Instructions for the task. Please quote exactly the lines below from the line containing "U] LIMSEQ_le_const2[OF L])" to the line containing "by (rule asymmetric_fixed_point_unique", both lines included, and nothing else.
*** Supplied data Section Begins ***
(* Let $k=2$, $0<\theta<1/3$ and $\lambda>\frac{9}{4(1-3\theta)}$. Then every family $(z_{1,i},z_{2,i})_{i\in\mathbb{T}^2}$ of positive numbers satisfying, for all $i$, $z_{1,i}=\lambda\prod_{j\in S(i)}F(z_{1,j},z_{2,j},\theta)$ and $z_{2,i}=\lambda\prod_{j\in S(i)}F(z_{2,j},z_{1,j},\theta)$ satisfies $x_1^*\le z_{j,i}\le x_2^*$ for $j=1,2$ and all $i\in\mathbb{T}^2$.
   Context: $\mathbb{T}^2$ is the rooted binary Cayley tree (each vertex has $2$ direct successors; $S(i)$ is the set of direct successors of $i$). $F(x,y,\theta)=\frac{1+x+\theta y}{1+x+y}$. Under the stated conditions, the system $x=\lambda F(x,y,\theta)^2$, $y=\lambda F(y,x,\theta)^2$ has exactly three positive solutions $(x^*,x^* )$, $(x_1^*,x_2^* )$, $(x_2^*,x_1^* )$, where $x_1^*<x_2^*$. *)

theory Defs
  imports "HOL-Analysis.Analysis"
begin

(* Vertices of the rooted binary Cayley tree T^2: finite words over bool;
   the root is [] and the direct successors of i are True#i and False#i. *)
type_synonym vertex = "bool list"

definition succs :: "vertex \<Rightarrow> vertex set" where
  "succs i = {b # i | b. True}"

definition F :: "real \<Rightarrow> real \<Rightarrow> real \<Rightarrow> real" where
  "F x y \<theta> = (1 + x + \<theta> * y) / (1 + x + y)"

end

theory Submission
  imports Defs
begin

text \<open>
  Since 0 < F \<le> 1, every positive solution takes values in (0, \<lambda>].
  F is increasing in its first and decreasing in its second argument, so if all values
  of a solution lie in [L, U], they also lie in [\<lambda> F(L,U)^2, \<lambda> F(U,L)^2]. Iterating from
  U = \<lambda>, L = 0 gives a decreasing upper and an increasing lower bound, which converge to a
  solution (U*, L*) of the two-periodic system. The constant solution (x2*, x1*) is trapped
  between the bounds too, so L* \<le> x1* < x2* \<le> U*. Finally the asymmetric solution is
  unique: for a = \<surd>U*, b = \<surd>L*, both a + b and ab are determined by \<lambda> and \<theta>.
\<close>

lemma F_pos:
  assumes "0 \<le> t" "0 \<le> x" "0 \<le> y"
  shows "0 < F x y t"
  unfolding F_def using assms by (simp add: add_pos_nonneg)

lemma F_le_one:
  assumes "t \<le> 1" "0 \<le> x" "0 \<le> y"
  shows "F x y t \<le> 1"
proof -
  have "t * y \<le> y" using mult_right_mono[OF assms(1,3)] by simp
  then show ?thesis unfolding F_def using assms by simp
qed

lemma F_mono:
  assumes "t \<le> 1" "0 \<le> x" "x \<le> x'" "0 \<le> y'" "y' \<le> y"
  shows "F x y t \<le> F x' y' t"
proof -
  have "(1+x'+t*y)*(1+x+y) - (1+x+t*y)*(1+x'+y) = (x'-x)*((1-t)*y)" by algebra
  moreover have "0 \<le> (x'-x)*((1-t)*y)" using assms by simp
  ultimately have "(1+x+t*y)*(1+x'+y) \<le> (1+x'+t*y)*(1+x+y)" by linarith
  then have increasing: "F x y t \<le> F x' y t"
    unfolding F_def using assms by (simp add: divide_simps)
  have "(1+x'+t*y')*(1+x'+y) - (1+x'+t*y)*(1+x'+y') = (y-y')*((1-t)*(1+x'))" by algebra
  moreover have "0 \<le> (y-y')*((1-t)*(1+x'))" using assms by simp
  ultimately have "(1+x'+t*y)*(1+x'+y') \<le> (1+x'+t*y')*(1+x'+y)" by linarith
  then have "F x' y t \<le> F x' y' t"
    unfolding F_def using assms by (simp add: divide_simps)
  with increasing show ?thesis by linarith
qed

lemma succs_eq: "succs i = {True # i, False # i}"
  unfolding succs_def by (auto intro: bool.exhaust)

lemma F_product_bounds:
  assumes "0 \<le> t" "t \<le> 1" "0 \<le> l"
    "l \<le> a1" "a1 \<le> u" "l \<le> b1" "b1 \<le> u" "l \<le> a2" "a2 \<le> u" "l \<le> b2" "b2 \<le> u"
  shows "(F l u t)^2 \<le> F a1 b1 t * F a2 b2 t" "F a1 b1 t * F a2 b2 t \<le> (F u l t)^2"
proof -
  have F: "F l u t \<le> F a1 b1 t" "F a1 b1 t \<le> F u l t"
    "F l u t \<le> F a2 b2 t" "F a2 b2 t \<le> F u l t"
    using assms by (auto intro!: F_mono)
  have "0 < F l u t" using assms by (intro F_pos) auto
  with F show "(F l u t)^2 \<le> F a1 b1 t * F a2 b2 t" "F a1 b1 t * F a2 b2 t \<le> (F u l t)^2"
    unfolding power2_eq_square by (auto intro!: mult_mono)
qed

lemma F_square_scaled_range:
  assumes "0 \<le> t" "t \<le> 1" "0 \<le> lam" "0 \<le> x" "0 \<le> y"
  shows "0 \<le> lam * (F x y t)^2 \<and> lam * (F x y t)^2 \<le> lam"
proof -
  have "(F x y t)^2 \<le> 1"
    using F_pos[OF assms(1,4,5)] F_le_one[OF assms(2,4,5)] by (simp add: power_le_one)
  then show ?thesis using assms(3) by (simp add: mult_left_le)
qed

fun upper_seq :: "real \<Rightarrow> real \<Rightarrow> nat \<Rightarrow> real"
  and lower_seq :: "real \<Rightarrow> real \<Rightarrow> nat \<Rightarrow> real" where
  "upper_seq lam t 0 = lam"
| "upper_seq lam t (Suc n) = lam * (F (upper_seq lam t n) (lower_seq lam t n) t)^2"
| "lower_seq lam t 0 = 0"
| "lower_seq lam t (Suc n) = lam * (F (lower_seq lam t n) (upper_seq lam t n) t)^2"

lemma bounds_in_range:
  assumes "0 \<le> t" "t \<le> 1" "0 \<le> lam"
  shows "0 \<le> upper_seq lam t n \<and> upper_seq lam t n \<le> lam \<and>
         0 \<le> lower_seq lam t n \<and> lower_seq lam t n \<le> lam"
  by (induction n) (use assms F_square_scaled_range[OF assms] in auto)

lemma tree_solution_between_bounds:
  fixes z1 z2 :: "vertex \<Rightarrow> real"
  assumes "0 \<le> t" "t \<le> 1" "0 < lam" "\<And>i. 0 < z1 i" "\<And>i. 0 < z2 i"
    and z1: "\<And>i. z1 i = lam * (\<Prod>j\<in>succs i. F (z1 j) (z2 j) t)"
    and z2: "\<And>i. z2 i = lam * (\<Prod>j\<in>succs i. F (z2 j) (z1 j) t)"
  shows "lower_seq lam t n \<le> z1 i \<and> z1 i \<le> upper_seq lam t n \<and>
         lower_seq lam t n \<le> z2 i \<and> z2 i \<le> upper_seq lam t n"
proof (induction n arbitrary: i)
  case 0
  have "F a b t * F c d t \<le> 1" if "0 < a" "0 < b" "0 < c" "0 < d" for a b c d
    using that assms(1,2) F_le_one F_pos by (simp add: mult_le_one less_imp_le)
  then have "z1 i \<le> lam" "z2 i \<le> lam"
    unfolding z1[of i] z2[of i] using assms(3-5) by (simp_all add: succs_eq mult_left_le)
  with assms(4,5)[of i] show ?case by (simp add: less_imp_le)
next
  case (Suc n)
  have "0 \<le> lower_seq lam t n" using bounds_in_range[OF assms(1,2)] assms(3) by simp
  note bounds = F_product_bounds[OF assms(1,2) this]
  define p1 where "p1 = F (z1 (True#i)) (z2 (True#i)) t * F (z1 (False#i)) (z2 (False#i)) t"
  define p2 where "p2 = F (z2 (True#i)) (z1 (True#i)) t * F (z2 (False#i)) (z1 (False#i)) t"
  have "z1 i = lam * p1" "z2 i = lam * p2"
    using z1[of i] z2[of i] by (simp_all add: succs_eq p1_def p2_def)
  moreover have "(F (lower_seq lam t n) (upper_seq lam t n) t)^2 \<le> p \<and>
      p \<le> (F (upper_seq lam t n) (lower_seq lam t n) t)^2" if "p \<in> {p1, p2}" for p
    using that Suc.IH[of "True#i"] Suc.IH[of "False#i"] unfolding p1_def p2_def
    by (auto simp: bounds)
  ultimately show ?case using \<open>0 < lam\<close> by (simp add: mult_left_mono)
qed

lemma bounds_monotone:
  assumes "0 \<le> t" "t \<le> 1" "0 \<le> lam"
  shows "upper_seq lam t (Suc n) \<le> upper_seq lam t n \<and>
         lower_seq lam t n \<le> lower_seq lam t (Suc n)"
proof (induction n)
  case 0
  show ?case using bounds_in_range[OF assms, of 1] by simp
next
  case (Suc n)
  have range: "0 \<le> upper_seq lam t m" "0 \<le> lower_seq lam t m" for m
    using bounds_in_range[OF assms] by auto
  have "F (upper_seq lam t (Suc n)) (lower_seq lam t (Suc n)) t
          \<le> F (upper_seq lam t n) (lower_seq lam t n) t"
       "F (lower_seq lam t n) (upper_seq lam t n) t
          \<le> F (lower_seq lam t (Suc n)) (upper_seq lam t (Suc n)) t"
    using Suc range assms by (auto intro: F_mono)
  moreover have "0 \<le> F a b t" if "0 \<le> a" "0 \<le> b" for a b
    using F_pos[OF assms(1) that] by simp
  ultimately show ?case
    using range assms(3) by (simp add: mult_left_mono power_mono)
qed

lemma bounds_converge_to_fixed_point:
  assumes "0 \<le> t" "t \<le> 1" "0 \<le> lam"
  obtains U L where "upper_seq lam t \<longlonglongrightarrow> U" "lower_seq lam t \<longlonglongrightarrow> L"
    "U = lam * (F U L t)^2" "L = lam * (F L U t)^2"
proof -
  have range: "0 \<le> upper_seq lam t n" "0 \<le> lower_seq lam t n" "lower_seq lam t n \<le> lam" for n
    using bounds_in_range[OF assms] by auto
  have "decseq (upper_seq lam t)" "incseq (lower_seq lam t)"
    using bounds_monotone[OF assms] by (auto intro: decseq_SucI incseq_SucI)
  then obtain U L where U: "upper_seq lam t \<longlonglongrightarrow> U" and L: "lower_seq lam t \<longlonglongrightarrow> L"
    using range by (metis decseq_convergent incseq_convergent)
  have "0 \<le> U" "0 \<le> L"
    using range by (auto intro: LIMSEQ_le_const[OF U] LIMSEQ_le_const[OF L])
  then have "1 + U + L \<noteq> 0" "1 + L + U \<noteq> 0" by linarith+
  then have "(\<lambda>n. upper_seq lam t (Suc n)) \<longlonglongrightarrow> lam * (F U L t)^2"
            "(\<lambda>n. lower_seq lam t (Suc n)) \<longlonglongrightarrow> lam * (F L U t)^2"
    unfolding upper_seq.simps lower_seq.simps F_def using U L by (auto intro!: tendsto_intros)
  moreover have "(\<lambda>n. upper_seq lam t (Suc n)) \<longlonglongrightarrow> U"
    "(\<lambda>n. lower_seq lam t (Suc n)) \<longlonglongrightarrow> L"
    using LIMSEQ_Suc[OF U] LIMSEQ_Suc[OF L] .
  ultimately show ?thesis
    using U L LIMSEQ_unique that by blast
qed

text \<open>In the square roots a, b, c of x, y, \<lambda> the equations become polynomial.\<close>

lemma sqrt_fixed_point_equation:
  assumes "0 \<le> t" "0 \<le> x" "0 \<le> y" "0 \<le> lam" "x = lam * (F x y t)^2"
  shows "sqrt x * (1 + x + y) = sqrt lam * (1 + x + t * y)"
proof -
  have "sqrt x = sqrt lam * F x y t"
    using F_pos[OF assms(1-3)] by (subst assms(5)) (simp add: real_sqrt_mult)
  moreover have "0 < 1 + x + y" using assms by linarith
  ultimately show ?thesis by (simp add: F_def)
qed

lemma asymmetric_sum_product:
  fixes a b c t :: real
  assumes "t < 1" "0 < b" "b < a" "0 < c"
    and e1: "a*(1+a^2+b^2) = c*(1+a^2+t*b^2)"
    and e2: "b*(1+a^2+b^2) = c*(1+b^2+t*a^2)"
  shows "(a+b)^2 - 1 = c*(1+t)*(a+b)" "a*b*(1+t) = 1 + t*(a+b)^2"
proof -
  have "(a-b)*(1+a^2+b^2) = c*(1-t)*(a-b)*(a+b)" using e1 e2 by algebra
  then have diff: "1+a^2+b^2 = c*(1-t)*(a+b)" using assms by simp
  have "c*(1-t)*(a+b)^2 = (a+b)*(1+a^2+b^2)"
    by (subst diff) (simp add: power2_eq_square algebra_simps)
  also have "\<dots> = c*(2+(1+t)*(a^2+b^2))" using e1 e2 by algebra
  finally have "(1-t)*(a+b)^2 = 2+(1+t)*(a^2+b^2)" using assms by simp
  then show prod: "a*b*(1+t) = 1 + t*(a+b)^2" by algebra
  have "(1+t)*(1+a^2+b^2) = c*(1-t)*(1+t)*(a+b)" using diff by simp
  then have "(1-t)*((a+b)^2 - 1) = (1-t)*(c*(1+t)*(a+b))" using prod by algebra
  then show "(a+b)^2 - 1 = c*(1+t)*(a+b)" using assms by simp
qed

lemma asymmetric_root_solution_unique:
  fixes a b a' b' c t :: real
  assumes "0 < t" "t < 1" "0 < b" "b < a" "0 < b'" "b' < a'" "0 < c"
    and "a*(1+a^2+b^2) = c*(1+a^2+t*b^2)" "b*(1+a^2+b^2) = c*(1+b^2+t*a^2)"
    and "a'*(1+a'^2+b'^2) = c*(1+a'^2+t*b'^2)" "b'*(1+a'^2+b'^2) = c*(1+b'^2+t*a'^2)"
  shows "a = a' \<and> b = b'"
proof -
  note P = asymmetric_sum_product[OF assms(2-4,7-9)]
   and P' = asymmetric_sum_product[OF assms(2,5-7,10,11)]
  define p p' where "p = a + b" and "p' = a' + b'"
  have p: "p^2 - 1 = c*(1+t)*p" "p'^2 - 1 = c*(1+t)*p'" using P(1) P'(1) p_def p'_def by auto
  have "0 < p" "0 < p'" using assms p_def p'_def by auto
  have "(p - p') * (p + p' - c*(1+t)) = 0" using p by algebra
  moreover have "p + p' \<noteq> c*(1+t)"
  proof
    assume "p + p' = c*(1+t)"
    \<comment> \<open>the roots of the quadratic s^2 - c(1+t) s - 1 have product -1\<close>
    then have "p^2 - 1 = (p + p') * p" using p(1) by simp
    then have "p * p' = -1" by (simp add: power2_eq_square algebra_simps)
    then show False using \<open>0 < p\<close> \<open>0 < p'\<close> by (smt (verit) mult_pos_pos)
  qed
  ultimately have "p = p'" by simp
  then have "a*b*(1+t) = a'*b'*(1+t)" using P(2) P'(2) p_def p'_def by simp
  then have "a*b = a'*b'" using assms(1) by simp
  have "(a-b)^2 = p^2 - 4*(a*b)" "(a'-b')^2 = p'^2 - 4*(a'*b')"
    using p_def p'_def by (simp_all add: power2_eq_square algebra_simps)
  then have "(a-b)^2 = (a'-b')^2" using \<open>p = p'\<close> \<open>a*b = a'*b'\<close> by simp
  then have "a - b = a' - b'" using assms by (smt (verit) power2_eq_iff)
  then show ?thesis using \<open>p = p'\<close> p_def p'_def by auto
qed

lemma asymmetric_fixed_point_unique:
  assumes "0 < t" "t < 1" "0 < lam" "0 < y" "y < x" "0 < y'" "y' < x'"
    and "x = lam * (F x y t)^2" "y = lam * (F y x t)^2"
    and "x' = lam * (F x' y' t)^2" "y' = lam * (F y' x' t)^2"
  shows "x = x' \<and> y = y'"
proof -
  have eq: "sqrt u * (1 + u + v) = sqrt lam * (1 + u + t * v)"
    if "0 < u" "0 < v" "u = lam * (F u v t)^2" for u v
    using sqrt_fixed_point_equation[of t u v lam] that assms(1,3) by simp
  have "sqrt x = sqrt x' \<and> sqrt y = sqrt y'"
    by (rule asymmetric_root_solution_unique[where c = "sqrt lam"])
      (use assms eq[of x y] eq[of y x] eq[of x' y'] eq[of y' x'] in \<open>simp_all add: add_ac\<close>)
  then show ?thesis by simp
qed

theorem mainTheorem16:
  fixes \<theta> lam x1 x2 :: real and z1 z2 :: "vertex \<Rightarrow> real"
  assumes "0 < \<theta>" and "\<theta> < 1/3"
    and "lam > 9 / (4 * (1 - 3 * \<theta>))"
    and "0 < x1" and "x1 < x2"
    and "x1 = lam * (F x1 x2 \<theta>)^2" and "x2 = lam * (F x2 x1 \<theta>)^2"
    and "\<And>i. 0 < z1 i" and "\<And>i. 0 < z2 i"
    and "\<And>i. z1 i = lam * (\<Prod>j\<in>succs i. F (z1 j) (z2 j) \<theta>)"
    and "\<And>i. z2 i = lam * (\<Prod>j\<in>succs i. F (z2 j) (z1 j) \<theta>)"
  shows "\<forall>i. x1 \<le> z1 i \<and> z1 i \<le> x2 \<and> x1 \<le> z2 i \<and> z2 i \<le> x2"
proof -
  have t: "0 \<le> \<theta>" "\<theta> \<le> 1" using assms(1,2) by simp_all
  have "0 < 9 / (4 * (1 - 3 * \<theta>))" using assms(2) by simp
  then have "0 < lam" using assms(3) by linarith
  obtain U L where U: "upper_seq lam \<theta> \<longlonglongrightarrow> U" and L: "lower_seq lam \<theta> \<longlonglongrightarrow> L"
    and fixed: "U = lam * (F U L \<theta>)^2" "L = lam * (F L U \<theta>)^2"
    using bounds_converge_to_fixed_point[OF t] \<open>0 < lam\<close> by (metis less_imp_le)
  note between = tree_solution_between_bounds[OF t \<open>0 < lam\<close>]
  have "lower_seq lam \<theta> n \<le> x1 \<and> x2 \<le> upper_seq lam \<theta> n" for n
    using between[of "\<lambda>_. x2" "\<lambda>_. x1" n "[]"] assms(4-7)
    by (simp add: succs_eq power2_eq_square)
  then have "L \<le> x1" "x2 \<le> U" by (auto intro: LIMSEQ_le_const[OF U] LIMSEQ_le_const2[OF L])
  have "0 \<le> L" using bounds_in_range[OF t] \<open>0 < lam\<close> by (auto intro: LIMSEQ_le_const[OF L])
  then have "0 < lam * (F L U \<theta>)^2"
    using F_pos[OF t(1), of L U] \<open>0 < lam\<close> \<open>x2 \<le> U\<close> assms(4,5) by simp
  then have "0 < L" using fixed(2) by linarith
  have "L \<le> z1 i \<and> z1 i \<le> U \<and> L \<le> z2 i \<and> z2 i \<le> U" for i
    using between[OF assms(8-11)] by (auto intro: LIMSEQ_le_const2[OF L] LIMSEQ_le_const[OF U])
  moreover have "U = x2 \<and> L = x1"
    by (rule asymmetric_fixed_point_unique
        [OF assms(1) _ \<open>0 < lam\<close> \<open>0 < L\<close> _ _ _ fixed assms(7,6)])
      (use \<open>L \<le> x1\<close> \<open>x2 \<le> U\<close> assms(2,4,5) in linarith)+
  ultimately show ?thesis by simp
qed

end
*** Supplied data Section Ends ***
Result of the task.
  then have "L \<le> x1" "x2 \<le> U" by (auto intro: LIMSEQ_le_const[OF U] LIMSEQ_le_const2[OF L])
  have "0 \<le> L" using bounds_in_range[OF t] \<open>0 < lam\<close> by (auto intro: LIMSEQ_le_const[OF L])
  then have "0 < lam * (F L U \<theta>)^2"
    using F_pos[OF t(1), of L U] \<open>0 < lam\<close> \<open>x2 \<le> U\<close> assms(4,5) by simp
  then have "0 < L" using fixed(2) by linarith
  have "L \<le> z1 i \<and> z1 i \<le> U \<and> L \<le> z2 i \<and> z2 i \<le> U" for i
    using between[OF assms(8-11)] by (auto intro: LIMSEQ_le_const2[OF L] LIMSEQ_le_const[OF U])
  moreover have "U = x2 \<and> L = x1"
    by (rule asymmetric_fixed_point_unique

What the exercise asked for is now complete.